Une quatrième vague de Covid-19 menace-t-elle le Luxembourg qui a enregistré 219 nouvelles infections mercredi et un vrai pic d'infection avec 432 nouveau cas mardi ?
Pour l'expert en virologie, le professeur Dr Claude Muller, ce n'est pas les nombre des infections qui doivent être au centre de l'attention, mais bien les chiffres des hospitalisations. Il est optimiste et pense que, grâce à la vaccination, ils resteront assez bas.
"D'un côté, on a l'effet saisonnier. Les gens se rapprochent, ils vivent à l'intérieur et il y a moins de ventilation. Et bien sûr on a aussi les infections secondaires et tertiaires, après la rentrée des classes et la reprise dans le monde du travail. En plus, les mesures ont été relâchées. Les gens veulent plus de libertés. Je pense qu'ils font moins attention. Et puis n'oublions pas que 220.000 personnes dans le pays n'ont pas été vaccinées", a déclaré à RTL Claude Muller.

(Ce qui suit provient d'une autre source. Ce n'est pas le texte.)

(* Assume the standing hypotheses of the context, let $\varepsilon\in(0,\varepsilon_0]$, let $\boldsymbol\rho\in\mathcal P_2(\mathbb R^d)^2$ and let $\mathcal S\subset\mathcal P_2(\mathbb R^d)^2$ be any family. Then: (1) $\int[F_1(\rho_1)+F_2(\rho_2)]dx\le2\mathcal E_\varepsilon(\boldsymbol\rho)$ and $\int\rho_1K*\rho_2\,dx\le\mathcal E_\varepsilon(\boldsymbol\rho)$; in particular $\mathcal E_\varepsilon$ is uniformly bounded on $\mathcal S$ iff both $F_j(\rho_j)$ ($j=1,2$) and $\rho_1K*\rho_2$ are uniformly bounded in $L^1(\mathbb R^d)$ for $\boldsymbol\rho\in\mathcal S$. (2) With constants $\alpha_j$ such that $F_j'(r)\le\alpha_j(\min\{1,r\}+F_j(r))$ for all $r\ge0$: $\int F_j'(\rho_j)\,dx\le\alpha_j(1+2\mathcal E_\varepsilon(\boldsymbol\rho))$. (3) If $\boldsymbol\rho\in\mathfrak X_0$, then $\frac\lambda2(\mathfrak m_2[\rho_1]+\mathfrak m_2[\rho_2])\le\int\rho_1K*\rho_2\,dx\le C_K(\mathfrak m_2[\rho_1]+\mathfrak m_2[\rho_2])$; in particular, for $\mathcal S\subset\mathfrak X_0$ the interaction energy is uniformly bounded on $\mathcal S$ iff the second moments of $\rho_1,\rho_2$ are uniformly bounded for $\boldsymbol\rho\in\mathcal S$.
   Context: Let $d\ge1$. Standing hypotheses. (K): $K:\mathbb R^d\to[0,\infty)$ radially symmetric, $K(0)=0$, $K\in C^2$, $\nabla^2K\ge\lambda\,\mathrm{Id}$ for some $\lambda>0$, $\|\nabla^2K\|\le C_K$. (F): for $j=1,2$, $F_j:[0,\infty)\to[0,\infty)$ is $C^2$, $F_j''>0$ on $(0,\infty)$, $F_j(0)=F_j'(0)=0$, $\liminf_{r\to\infty}F_j''(r)>0$, $\limsup_{r\to\infty}F_j'(r)/F_j(r)<\infty$; there are $m_j,M_j>0,\beta_j\ge0,r_0>0$ with $m_jr^{\beta_j}\le F_j''(r)\le M_jr^{\beta_j}$ on $[0,r_0]$; $F_j(r)-rF_j'(r)+r^2F_j''(r)\ge0$. (h): $h:[0,\infty)^2\to\mathbb R$ is $C^2$, $h$ and $\nabla h$ vanish on $\{r_1=0\}\cup\{r_2=0\}$. ($\theta$): with $\theta_{j,i}(\mathbf u)=\partial_{r_i}\partial_{r_j}h(\mathbf r)/F_i''(r_i)$, $r_k=(F_k')^{-1}(u_k)$, each $\theta_{j,i}$ is locally Lipschitz on $[0,\infty)^2$ and $|\theta_{j,i}(\mathbf u)|\le\kappa_{j,i}\min\{1,u_1,u_2,\sqrt{(F_i')^{-1}(u_i)/(F_j')^{-1}(u_j)}\}$ for constants $\kappa_{j,i}>0$. Notation: $\mathcal P_2(\mathbb R^d)$ probability measures with finite second moment (absolutely continuous ones identified with densities); $\mathfrak m_1[\rho]=\int x\rho$, $\mathfrak m_2[\rho]=\int|x|^2\rho$; $\mathfrak X_0=\{\boldsymbol\rho\in\mathcal P_2(\mathbb R^d)^2:\mathfrak m_1[\rho_1]+\mathfrak m_1[\rho_2]=0\}$; $\mathcal E_\varepsilon(\boldsymbol\rho)=\int[F_1(\rho_1)+F_2(\rho_2)+\varepsilon h(\rho_1,\rho_2)+\rho_1K*\rho_2]dx$, $=+\infty$ unless both components are absolutely continuous with integrand in $L^1$. $\varepsilon_0>0$ is a number such that $\mathbf r\mapsto F_1(r_1)+F_2(r_2)+2\varepsilon_0h(\mathbf r)$ is convex on $[0,\infty)^2$ (such a number exists under these hypotheses). *)

theory Defs
  imports "HOL-Probability.Probability"
begin

definition quadrant :: "(real \<times> real) set" where
  "quadrant = {0..} \<times> {0..}"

En ce qui concerne la communication sur les avancées vaccinales, Claude Muller critique la direction de la Santé. Il parle d'un important déficit de communication. Pour Claude Muller, la Santé fait référence aux mauvais chiffres dans sa communication. Si on parle de percée vaccinale, il faut se baser sur le nombre de personnes vaccinées à ce jour, c'est-à-dire 420.000 et cela donnerait une image différente, selon lui.
Si l'on considère la proportion entre le nombre de vaccinés et ceux d'entre eux qui sont actuellement hospitalisés, "on arrive à une protection de 97,5%. C'est quelque chose de très différent de ce que la Santé communique et je dois vraiment leur faire un reproche sur ce point. Ils communiquent combien parmi ces PCR-positifs sont vaccinés ou non et combien parmi ceux qui sont hospitalisés ou se trouvent en soins intensifs sont vaccinés ou non. Ça donne une impression complètement fausse et ajoute de l'eau sur le moulin de ceux qui sont contre la vaccination", reproche le professeur de santé.
Pour l'expert en virologie, aucune mesure supplémentaire n'est nécessaire, mais une communication nettement meilleure s'impose: "Je pense qu'il y a toujours beaucoup de gens qui pensent encore qu'ils pourraient attendre jusqu'à ce que nous ayons une immunité collective et s'en sortiraient bien, sans avoir de craintes à avoir. C'est absolument faux, mais la communication semble être reçue de cette manière. C'est absolument faux, car une personne active qui voyage a sûrement aussi des contacts ici avec des personnes qui reviennent de l'étranger. Elle sera infectée à son tour avec une très grande probabilité. "
L'expert en virologie estime que le gouvernement prend la bonne décision en commençant par la 3e dose chez les personnes âgées et celles qui souffrent d'une maladie chronique, pour ensuite diminuer progressivement en âge.
La situation en Israël montre selon lui que ceux qui ont reçu une troisième vaccination étaient environ 20 fois mieux protégés que ceux qui n'avaient reçu que deux injections de Pfizer/Biontech.